## [What you will do]
Transcribe word for word the lines below from the line with "b) \<in> harmonic_analogue" through the line with "define p where", ends included.

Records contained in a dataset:
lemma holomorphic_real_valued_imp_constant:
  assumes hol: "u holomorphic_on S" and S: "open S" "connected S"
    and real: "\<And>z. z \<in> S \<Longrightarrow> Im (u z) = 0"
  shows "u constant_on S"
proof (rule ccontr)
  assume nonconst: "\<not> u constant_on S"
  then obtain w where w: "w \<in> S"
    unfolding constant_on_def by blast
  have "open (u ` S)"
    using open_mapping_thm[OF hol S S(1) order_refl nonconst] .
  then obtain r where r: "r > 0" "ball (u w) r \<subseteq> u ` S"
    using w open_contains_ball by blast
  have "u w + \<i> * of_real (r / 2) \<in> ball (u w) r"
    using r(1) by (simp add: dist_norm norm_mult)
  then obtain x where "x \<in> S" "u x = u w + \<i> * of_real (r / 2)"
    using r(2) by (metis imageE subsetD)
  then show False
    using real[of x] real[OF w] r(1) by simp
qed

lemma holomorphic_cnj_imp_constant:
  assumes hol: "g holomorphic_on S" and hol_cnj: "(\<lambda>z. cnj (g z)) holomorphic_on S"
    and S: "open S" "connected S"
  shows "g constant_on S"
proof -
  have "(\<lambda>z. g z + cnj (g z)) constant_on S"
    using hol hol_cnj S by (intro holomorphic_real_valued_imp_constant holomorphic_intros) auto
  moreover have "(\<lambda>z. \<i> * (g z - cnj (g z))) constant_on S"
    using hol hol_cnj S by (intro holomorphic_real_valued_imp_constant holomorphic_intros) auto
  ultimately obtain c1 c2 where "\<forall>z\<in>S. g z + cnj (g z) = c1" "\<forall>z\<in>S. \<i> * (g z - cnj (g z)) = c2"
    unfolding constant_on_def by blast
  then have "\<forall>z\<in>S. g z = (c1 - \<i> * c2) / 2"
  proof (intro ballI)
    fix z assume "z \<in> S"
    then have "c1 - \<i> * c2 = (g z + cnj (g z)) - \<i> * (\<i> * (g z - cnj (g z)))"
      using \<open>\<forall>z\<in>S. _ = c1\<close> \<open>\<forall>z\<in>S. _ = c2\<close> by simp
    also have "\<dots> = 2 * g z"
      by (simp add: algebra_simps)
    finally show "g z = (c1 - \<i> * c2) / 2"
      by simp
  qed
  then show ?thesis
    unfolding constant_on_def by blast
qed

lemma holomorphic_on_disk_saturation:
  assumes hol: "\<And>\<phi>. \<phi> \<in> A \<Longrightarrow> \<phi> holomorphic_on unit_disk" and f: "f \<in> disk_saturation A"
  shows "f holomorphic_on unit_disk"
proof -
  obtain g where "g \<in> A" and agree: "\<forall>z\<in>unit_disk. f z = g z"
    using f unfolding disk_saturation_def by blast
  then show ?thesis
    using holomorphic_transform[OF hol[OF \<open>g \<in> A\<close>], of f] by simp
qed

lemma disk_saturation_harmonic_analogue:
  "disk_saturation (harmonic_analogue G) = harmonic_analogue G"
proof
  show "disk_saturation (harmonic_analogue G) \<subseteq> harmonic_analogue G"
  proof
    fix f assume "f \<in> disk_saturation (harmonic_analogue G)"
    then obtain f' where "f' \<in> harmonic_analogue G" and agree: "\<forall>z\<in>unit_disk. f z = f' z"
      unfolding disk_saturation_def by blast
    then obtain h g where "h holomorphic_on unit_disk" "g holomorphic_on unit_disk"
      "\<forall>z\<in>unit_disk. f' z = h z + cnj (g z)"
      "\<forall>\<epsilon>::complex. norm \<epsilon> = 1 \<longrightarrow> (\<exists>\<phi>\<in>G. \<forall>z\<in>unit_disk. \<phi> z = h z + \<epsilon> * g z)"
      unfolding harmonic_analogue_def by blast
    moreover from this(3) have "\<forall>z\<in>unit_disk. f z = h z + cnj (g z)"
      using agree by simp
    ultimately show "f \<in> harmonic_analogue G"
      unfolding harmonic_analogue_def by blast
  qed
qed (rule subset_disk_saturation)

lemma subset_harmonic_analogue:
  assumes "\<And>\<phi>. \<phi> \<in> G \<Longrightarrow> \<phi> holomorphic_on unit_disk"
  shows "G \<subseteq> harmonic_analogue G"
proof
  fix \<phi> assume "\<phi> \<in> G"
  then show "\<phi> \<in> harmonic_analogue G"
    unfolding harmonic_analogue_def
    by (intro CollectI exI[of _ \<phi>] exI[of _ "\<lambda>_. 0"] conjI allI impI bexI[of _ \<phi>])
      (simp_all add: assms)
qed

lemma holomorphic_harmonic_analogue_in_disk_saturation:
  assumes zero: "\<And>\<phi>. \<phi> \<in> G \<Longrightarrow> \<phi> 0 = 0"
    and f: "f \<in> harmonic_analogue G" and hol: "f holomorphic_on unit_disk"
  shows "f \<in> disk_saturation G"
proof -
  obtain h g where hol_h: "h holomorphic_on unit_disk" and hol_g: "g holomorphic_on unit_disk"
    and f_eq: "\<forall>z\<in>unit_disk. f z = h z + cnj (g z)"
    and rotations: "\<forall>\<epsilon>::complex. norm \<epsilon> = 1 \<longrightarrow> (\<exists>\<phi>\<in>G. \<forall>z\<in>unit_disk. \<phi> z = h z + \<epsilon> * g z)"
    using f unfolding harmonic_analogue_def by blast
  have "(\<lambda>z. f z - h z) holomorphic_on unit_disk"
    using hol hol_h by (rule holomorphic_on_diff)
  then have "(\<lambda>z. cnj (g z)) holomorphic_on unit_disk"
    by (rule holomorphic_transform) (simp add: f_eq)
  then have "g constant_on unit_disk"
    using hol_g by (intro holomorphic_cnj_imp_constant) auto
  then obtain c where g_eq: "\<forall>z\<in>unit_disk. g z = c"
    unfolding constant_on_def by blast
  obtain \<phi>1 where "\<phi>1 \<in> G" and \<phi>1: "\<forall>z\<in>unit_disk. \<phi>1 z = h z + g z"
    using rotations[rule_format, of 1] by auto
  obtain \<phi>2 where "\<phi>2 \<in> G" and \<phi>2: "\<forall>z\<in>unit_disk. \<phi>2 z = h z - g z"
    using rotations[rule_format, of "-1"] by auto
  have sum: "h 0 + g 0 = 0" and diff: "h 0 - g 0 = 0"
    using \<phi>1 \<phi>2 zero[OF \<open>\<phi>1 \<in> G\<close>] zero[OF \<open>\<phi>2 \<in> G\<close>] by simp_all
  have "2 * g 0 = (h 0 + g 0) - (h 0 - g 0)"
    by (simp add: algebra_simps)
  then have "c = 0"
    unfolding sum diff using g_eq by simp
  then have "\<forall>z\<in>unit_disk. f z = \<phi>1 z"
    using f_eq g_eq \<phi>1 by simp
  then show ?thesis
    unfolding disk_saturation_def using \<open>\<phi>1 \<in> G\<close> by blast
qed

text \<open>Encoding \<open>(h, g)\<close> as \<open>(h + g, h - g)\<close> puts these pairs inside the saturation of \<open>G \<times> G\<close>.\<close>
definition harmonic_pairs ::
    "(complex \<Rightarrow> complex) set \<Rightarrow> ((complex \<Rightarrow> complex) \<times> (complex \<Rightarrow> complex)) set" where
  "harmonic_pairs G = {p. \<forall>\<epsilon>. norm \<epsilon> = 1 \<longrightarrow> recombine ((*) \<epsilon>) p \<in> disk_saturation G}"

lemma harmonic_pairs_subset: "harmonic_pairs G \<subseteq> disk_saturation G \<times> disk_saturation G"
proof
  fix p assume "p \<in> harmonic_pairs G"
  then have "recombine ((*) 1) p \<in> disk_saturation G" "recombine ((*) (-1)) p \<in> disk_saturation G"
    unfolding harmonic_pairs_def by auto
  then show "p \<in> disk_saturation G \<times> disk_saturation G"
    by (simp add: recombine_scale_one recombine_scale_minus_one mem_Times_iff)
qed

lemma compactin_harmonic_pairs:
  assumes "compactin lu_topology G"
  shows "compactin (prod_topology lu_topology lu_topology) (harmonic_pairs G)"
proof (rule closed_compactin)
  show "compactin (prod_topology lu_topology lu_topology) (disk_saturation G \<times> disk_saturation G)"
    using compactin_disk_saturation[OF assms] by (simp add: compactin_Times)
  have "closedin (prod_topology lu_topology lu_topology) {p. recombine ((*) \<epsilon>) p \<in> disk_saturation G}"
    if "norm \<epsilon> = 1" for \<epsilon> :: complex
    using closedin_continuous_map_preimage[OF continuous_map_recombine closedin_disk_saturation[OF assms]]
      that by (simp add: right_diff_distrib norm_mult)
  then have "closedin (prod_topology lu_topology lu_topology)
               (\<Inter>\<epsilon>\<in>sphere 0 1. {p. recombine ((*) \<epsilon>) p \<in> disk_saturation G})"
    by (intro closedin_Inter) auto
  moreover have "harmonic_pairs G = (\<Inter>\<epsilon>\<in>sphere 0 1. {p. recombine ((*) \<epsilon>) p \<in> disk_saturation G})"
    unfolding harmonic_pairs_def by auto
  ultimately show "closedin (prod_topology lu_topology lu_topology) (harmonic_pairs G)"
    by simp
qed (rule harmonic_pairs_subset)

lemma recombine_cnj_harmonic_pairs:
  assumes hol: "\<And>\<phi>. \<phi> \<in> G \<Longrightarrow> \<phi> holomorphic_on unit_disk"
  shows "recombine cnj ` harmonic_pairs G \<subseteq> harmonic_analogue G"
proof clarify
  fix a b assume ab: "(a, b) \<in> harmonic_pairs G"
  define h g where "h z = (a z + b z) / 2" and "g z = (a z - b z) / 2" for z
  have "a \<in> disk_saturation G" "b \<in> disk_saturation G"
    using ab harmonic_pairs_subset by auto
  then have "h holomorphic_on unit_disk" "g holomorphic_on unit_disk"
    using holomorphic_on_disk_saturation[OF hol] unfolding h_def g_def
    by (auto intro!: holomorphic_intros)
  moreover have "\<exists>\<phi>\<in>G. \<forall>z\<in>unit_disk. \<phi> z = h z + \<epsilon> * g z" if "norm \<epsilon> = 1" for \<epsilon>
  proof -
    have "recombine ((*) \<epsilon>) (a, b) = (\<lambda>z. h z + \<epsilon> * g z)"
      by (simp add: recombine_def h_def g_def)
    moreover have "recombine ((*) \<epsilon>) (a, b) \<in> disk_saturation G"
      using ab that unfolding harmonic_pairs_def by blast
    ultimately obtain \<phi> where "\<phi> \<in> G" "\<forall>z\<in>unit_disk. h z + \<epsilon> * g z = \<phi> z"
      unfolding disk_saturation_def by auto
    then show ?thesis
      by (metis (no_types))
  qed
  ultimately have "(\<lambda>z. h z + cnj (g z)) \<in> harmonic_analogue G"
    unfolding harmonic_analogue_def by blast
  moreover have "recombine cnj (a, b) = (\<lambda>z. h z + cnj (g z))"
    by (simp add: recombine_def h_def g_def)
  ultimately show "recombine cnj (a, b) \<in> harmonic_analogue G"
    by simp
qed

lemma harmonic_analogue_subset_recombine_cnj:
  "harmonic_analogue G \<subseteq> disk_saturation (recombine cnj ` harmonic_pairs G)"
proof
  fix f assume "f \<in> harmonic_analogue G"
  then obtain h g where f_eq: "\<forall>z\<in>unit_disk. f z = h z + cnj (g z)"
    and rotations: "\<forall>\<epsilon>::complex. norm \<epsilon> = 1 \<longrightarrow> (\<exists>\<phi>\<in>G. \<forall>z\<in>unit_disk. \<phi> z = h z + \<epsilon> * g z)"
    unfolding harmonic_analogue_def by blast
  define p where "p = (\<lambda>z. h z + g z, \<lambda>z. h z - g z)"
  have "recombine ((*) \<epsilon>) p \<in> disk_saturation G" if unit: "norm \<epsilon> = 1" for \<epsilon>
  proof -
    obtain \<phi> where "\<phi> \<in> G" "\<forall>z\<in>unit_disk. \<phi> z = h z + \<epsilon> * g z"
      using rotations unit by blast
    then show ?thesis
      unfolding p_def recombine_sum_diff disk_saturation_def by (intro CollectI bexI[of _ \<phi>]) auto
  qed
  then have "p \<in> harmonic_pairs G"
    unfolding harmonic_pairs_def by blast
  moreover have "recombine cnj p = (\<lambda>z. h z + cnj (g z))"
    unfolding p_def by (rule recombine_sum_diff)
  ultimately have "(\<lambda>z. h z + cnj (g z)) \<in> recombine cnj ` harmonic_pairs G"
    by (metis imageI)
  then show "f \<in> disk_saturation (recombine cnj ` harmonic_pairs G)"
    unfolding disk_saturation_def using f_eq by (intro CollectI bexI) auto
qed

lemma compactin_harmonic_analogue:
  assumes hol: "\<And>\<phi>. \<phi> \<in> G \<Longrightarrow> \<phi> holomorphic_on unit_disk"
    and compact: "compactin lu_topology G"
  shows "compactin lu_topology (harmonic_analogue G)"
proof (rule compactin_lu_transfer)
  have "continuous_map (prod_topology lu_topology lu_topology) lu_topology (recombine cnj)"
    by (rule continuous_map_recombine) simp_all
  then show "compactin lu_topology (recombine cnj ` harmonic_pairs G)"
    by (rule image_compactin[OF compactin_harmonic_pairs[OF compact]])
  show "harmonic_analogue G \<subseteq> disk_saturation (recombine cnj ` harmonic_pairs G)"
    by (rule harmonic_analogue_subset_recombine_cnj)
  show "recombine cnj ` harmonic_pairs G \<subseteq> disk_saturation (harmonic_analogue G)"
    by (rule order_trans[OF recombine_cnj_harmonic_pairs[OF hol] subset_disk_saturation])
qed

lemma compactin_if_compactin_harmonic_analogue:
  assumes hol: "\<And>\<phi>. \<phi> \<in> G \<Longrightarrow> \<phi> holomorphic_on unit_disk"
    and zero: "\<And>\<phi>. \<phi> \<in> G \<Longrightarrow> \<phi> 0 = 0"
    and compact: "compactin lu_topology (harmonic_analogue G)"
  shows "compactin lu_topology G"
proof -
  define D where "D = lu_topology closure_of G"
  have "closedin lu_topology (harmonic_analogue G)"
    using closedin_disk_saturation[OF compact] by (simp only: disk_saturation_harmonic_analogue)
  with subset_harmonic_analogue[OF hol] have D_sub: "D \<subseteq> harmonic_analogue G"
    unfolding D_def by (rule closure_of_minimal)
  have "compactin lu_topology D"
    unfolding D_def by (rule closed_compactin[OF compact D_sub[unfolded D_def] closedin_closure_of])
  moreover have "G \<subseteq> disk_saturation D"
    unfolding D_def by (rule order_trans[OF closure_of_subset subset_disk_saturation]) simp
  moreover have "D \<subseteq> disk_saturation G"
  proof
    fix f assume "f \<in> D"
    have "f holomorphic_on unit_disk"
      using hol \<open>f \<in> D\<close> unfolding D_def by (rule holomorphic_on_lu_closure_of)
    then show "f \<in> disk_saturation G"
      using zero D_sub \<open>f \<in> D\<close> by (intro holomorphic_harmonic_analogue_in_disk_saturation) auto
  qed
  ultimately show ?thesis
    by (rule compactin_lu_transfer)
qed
==
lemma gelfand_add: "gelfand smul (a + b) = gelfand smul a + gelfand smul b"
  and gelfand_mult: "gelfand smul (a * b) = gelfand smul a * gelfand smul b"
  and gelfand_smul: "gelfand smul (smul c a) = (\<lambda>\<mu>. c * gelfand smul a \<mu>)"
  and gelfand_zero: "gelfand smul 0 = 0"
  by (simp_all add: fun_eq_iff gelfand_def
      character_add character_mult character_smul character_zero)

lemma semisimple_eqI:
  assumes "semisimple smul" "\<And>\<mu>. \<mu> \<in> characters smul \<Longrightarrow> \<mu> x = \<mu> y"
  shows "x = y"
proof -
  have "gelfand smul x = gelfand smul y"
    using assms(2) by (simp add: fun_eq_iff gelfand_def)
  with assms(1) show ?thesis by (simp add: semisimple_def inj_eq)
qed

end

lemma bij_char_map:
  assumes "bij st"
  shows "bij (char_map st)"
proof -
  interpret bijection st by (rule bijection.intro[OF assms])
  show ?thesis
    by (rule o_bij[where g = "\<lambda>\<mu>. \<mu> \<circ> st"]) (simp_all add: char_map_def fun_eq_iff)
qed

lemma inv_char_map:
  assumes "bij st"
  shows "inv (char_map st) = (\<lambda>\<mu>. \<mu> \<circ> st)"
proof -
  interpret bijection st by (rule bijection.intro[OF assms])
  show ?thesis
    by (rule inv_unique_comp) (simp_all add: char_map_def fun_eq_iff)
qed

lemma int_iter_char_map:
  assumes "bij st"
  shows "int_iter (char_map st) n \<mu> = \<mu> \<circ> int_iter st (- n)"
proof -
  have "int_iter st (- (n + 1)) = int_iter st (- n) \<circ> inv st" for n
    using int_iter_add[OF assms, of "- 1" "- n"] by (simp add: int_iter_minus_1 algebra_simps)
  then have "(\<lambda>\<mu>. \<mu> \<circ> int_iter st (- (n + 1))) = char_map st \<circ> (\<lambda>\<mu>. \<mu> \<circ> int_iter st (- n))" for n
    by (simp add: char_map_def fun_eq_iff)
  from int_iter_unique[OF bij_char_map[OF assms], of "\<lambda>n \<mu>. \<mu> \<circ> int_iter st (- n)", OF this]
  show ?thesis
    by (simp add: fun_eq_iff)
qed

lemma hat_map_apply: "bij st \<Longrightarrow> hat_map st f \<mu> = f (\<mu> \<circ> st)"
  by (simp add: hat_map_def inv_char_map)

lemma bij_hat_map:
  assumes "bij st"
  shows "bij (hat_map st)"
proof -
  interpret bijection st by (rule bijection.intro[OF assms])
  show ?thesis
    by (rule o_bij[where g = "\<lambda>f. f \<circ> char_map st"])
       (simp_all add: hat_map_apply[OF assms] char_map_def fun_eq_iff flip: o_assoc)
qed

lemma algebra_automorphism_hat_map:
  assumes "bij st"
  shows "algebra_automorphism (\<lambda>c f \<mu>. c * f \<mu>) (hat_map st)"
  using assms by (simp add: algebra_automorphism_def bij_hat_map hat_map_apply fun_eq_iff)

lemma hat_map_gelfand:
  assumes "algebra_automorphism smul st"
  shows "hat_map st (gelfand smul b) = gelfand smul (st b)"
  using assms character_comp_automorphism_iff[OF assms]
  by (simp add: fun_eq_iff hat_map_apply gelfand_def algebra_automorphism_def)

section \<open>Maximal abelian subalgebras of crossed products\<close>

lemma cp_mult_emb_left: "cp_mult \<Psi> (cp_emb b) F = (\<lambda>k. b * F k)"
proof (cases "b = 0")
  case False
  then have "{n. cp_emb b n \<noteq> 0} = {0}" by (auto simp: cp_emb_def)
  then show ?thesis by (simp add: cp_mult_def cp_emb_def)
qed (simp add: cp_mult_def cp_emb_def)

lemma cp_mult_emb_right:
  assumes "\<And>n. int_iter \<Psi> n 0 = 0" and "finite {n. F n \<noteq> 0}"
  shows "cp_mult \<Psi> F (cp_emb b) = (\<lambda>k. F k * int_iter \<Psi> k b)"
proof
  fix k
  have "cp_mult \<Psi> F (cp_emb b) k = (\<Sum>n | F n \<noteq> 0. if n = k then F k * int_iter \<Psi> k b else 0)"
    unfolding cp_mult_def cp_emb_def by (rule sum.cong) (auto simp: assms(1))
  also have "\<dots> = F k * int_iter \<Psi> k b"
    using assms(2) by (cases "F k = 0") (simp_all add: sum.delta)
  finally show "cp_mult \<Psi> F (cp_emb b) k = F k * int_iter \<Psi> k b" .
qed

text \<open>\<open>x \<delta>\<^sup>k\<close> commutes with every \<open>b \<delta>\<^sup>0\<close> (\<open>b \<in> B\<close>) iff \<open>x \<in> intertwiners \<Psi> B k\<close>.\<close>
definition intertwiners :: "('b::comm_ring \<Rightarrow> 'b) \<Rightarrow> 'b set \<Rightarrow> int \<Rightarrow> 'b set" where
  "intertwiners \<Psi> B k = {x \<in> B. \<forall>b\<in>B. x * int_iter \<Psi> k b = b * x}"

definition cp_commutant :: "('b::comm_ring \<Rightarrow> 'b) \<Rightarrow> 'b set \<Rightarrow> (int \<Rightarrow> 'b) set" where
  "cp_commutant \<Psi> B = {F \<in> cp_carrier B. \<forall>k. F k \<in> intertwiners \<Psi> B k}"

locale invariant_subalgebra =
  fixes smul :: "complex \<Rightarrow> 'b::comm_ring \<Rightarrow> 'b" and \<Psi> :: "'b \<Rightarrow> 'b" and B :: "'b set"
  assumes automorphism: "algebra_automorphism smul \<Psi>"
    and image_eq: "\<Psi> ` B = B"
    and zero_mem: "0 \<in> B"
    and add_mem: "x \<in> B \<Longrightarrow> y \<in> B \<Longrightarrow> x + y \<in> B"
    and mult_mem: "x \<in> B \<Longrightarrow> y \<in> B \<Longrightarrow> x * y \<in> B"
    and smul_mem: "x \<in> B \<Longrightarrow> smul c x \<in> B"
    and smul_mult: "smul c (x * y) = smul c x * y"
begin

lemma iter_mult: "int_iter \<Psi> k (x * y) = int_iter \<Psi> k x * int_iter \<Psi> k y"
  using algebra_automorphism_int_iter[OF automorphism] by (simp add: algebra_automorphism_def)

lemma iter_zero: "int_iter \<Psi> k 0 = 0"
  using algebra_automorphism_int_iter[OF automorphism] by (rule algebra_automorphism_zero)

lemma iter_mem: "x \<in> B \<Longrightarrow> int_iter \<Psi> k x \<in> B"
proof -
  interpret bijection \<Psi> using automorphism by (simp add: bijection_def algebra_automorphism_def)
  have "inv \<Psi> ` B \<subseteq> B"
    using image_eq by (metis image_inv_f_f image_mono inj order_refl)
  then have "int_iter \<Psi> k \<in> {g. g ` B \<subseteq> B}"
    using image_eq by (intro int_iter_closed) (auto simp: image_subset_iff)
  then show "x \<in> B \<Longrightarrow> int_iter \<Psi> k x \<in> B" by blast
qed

## [Task answer]
  ultimately show "recombine cnj (a, b) \<in> harmonic_analogue G"
    by simp
qed

lemma harmonic_analogue_subset_recombine_cnj:
  "harmonic_analogue G \<subseteq> disk_saturation (recombine cnj ` harmonic_pairs G)"
proof
  fix f assume "f \<in> harmonic_analogue G"
  then obtain h g where f_eq: "\<forall>z\<in>unit_disk. f z = h z + cnj (g z)"
    and rotations: "\<forall>\<epsilon>::complex. norm \<epsilon> = 1 \<longrightarrow> (\<exists>\<phi>\<in>G. \<forall>z\<in>unit_disk. \<phi> z = h z + \<epsilon> * g z)"
    unfolding harmonic_analogue_def by blast
  define p where "p = (\<lambda>z. h z + g z, \<lambda>z. h z - g z)"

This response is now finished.